Fresh from SxSW, OUTSIDE IN is Lynn Shelton’s latest project. It was shot in Granite Falls, Washington, and stars Edie Falco and Jay Duplass.
OUTSIDE IN opens April 6 at Cinema 21 in Portland and Kiggins Theater in Vancouver. Lynn will be there for Q&As on April 7!
After serving 20 years for the crime of essentially being in the wrong place at the wrong time, 38-year-old Chris (played by co-writer Jay Duplass, TRANSPARENT, LANDLINE) is granted early parole thanks largely to the tireless advocacy of Carol (award winner Edie Falco, NURSE JACKIE, THE SOPRANOS), his former high-school teacher. As he struggles with the challenges of navigating the modern world as an ex-con, and with a fraught relationship with his brother Ted (Ben Schwartz), Chris ends up confessing his romantic love for Carol — a love that, given her marital status, Carol cannot reciprocate. Or can she? Carol longs for something her husband no longer provides. Meanwhile, Carol’s daughter Hildy (Kaitlyn Dever) befriends Chris, finding a kindred spirit in this awkward, tormented older guy.

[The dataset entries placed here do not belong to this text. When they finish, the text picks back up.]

(* Let $\epsilon$ be a constant with $0<\epsilon<1/3$. The $(1+1)$~IA$^{hyp}$ finds an optimal solution of the instance $P^*_\epsilon$ (with $n$ even) in $O(n^2)$ expected fitness function evaluations.
   Context: Partition problem: a solution $x\in\{0,1\}^n$ assigns job $i$ to machine $M_1$ if $x_i=0$ and to $M_2$ if $x_i=1$; the makespan $f(x)=\max\{\sum_i p_ix_i,\sum_i p_i(1-x_i)\}$ is minimised. The instance $P^*_\epsilon$ has $n$ jobs with $p_1=p_2=\frac13-\frac{\epsilon}{4}$ and $p_i=\frac{1/3+\epsilon/2}{n-2}$ for $3\le i\le n$. The $(1+1)$~IA$^{hyp}$ (minimisation): initialise $x$ uniformly at random and evaluate it. Each iteration: $y:=x$, $F:=\{1,\dots,n\}$; while $F\ne\emptyset$ and $f(y)\ge f(x)$: pick $i\in F$ uniformly at random, remove it from $F$, flip $y_i$, evaluate $f(y)$; then if $f(y)\le f(x)$ set $x:=y$. Asymptotics are as $n\to\infty$. *)

theory Defs
  imports "HOL-Probability.Probability"
begin

text \<open>Solutions are bit strings of length n, represented as bool lists;
  job i (0-based) goes to machine M2 iff xs!i = True.\<close>

definition makespan :: "(nat \<Rightarrow> real) \<Rightarrow> bool list \<Rightarrow> real" where
  "makespan p xs = max (\<Sum>i<length xs. if xs ! i then p i else 0)
                       (\<Sum>i<length xs. if xs ! i then 0 else p i)"

text \<open>The instance P*_eps with n jobs (jobs 1,2 of the paper are indices 0,1 here).\<close>
definition P_star :: "real \<Rightarrow> nat \<Rightarrow> nat \<Rightarrow> real" where
  "P_star eps n i = (if i < 2 then 1/3 - eps/4 else (1/3 + eps/2) / (real n - 2))"

definition flip :: "bool list \<Rightarrow> nat \<Rightarrow> bool list" where
  "flip xs i = xs[i := \<not> xs ! i]"

definition is_optimal :: "(bool list \<Rightarrow> real) \<Rightarrow> nat \<Rightarrow> bool list \<Rightarrow> bool" where
  "is_optimal f n xs \<longleftrightarrow> length xs = n \<and> (\<forall>ys. length ys = n \<longrightarrow> f xs \<le> f ys)"
text \<open>Let \<open>z\<^sub>n\<close> be the \<open>n\<close>-th convergent.  Inversion obeys
  \<open>\<bar>x\<^sup>-\<^sup>1 - y\<^sup>-\<^sup>1\<bar> = \<bar>x - y\<bar> / (\<bar>x\<bar> \<bar>y\<bar>)\<close>, and in a discrete subring closed under conjugation
  \<open>\<bar>z\<bar>\<^sup>2 = z z\<^sup>*\<close> is an integer.  Unwinding the recursion from \<open>0\<close> therefore writes
  \<open>z\<^sub>n = u / N\<close> with \<open>u \<in> Z\<close>, \<open>N\<close> a positive integer and
  \<open>\<bar>x\<^sub>0 - z\<^sub>n\<bar>\<^sup>2 N = \<bar>x\<^sub>0\<bar>\<^sup>2 \<cdots> \<bar>x\<^sub>n\<bar>\<^sup>2\<close>.  The right-hand side is strictly decreasing in \<open>n\<close>,
  so the pairs \<open>(N, u)\<close> are pairwise distinct, while an error bounded below forces them into a
  finite set.\<close>

lemma sum_lessThan_add_split:
  fixes f :: "nat \<Rightarrow> 'a::comm_monoid_add"
  shows "(\<Sum>i<a + b. f i) = (\<Sum>i<a. f i) + (\<Sum>i<b. f (a + i))"
  by (induction b) (simp_all add: add.assoc)

lemma prod_atMost_less_1:
  fixes f :: "nat \<Rightarrow> real"
  assumes "\<And>k. 0 \<le> f k" "\<And>k. f k < 1"
  shows "(\<Prod>k\<le>n. f k) < 1"
proof (induction n)
  case (Suc n)
  have "(\<Prod>k\<le>n. f k) * f (Suc n) \<le> (\<Prod>k\<le>n. f k)"
    using assms by (simp add: mult_left_le prod_nonneg less_imp_le)
  then show ?case
    using Suc by simp
qed (use assms in simp)

lemma inj_prod_atMost:
  fixes f :: "nat \<Rightarrow> real"
  assumes "\<And>k. 0 < f k" "\<And>k. f k < 1"
  shows "inj (\<lambda>n. \<Prod>k\<le>n. f k)"
proof -
  have "strict_mono (\<lambda>n. - (\<Prod>k\<le>n. f k))"
    using assms by (simp add: strict_mono_Suc_iff prod_pos mult_less_cancel_left1)
  then have "inj (\<lambda>n. - (\<Prod>k\<le>n. f k))"
    by (rule strict_mono_imp_inj_on)
  then show ?thesis
    by (simp add: inj_on_def)
qed

lemma tendsto_zero_if_finite_ge:
  fixes f :: "nat \<Rightarrow> real"
  assumes "\<And>n. 0 \<le> f n" and "\<And>r. r > 0 \<Longrightarrow> finite {n. r \<le> f n}"
  shows "f \<longlonglongrightarrow> 0"
proof (rule order_tendstoI)
  fix r :: real
  assume "r > 0"
  then show "\<forall>\<^sub>F n in sequentially. f n < r"
    using assms(2) by (simp add: cofinite_eq_sequentially[symmetric] eventually_cofinite not_less)
next
  fix r :: real
  assume "r < 0"
  then show "\<forall>\<^sub>F n in sequentially. r < f n"
    using assms(1) by (intro always_eventually) (metis less_le_trans)
qed

definition knorm2 :: "nat \<Rightarrow> (nat \<Rightarrow> real) \<Rightarrow> real" where
  "knorm2 m x = (\<Sum>i<2^m. (x i)\<^sup>2)"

Known primarily for dramatic comedies such as LAGGIES, HUMPDAY, and YOUR SISTER’S SISTER, whose central characters fumble towards fulfillment and self-awareness, Shelton mines a more dramatic terrain with OUTSIDE IN. Exploring themes of reintegration and release as experienced by three small-town strivers searching for a way out of their physical and emotional trappings, Shelton finds universality through her distinctly regional approach to dramatic filmmaking. Playing two people inexorably drawn to each other despite being in vastly different places in life, Jay Duplass and Edie Falco concoct unforgettable screen chemistry out of two characters trapped a fraught relationship and tortured by yearning.
OUTSIDE IN shot for 20 days in October and November 2016, using the American Legion Hall in Granite Falls as the production base, offering close proximity to 85 percent of the film’s locations, most of which were within walking distance from home base. Despite grey skies and inclement weather, cast and crew warmed to small-town life in Washington State, with its close-knit bonds and unvarnished exterior. “It helped so much to inform my character, watching people go about daily life in Granite Falls,” says Duplass. “It’s the kind of town where people walk everywhere because they don’t have transportation and the clothes they’re wearing are 25 years old.” Concludes Shelton: “I loved the idea of embedding in an actual community — geographic specificity is something I always hold dear, because I think you can feel it on screen, through the grays and the greens and all the rain.”